Start of Block

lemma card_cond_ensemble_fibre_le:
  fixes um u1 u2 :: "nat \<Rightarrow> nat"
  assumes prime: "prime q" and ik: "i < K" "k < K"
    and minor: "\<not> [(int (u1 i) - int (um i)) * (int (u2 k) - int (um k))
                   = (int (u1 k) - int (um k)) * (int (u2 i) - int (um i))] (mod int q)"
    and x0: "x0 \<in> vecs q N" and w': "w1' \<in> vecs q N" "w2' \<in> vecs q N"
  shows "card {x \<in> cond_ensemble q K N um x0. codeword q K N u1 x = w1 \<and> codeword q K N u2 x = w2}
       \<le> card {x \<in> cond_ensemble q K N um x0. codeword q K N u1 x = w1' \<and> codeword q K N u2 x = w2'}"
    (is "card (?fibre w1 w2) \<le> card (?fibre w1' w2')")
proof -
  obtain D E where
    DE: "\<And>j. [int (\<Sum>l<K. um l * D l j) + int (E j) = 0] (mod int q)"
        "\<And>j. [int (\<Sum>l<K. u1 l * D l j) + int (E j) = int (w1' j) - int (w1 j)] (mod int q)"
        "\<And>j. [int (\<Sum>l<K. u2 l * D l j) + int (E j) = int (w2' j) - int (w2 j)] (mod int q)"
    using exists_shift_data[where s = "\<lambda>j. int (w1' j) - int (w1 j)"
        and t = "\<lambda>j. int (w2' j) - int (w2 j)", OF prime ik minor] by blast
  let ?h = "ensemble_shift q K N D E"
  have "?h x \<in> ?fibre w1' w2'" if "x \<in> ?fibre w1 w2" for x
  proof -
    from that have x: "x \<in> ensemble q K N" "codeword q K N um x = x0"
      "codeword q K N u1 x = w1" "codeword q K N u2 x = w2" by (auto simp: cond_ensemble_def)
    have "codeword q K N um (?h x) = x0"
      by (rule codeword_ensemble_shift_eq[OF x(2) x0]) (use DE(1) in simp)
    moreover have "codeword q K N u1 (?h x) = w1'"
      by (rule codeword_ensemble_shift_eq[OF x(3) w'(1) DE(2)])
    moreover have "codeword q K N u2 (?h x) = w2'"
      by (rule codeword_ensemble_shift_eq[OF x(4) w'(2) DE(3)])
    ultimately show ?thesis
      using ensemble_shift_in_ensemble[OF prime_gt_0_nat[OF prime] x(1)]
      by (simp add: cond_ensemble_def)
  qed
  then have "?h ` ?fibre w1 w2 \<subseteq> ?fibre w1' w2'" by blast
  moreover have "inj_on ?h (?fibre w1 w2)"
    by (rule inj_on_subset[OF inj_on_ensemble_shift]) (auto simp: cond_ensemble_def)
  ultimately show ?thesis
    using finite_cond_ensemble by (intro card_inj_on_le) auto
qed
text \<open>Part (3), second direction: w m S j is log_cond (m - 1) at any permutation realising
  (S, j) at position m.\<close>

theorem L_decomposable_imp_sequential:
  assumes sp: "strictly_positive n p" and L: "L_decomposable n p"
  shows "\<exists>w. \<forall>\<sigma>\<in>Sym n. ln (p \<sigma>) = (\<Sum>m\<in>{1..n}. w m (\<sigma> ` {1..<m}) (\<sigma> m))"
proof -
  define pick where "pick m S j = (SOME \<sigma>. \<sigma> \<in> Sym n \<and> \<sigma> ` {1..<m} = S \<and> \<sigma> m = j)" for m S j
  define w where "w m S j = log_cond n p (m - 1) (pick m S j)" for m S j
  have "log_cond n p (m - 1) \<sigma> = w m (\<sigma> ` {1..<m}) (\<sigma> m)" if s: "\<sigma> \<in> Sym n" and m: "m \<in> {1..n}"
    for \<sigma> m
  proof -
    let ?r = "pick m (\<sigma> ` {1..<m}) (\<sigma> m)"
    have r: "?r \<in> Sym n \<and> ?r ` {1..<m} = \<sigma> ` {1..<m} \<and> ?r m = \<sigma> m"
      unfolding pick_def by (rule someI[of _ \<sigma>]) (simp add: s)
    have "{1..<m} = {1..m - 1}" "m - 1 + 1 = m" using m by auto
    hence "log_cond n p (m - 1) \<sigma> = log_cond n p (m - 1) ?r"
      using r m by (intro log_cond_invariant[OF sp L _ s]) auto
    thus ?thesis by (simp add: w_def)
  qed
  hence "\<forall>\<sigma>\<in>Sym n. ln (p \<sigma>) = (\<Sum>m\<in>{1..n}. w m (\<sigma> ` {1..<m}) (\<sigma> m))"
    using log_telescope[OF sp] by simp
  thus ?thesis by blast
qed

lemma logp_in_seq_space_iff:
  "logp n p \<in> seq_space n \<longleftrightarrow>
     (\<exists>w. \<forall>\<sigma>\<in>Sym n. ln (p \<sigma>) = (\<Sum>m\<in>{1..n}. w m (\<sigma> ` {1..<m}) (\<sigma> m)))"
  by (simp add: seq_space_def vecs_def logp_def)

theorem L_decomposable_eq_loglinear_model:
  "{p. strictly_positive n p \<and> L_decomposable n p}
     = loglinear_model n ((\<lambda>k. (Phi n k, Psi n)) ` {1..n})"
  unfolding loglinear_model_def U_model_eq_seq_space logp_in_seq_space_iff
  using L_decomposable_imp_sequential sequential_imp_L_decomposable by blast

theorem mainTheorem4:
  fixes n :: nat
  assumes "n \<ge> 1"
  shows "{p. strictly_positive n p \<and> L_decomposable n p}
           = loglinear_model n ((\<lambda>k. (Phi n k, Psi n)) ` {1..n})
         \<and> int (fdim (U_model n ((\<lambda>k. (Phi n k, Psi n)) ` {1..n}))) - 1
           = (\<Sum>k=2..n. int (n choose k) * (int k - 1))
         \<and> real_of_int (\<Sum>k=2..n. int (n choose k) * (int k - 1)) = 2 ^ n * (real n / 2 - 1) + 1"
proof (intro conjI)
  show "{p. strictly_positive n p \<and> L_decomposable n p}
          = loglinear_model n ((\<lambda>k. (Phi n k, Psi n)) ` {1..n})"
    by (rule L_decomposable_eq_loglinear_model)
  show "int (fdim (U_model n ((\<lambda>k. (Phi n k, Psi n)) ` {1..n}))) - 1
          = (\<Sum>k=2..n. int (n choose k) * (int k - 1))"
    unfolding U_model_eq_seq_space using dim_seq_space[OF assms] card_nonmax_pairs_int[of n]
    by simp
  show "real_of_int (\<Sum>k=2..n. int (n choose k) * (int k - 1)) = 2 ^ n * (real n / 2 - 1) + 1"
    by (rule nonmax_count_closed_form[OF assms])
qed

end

End of Block

Task brief: Each line of the data above containing the string "forall" is to be copied.

Expected output:
  shows "\<exists>w. \<forall>\<sigma>\<in>Sym n. ln (p \<sigma>) = (\<Sum>m\<in>{1..n}. w m (\<sigma> ` {1..<m}) (\<sigma> m))"
  hence "\<forall>\<sigma>\<in>Sym n. ln (p \<sigma>) = (\<Sum>m\<in>{1..n}. w m (\<sigma> ` {1..<m}) (\<sigma> m))"
     (\<exists>w. \<forall>\<sigma>\<in>Sym n. ln (p \<sigma>) = (\<Sum>m\<in>{1..n}. w m (\<sigma> ` {1..<m}) (\<sigma> m)))"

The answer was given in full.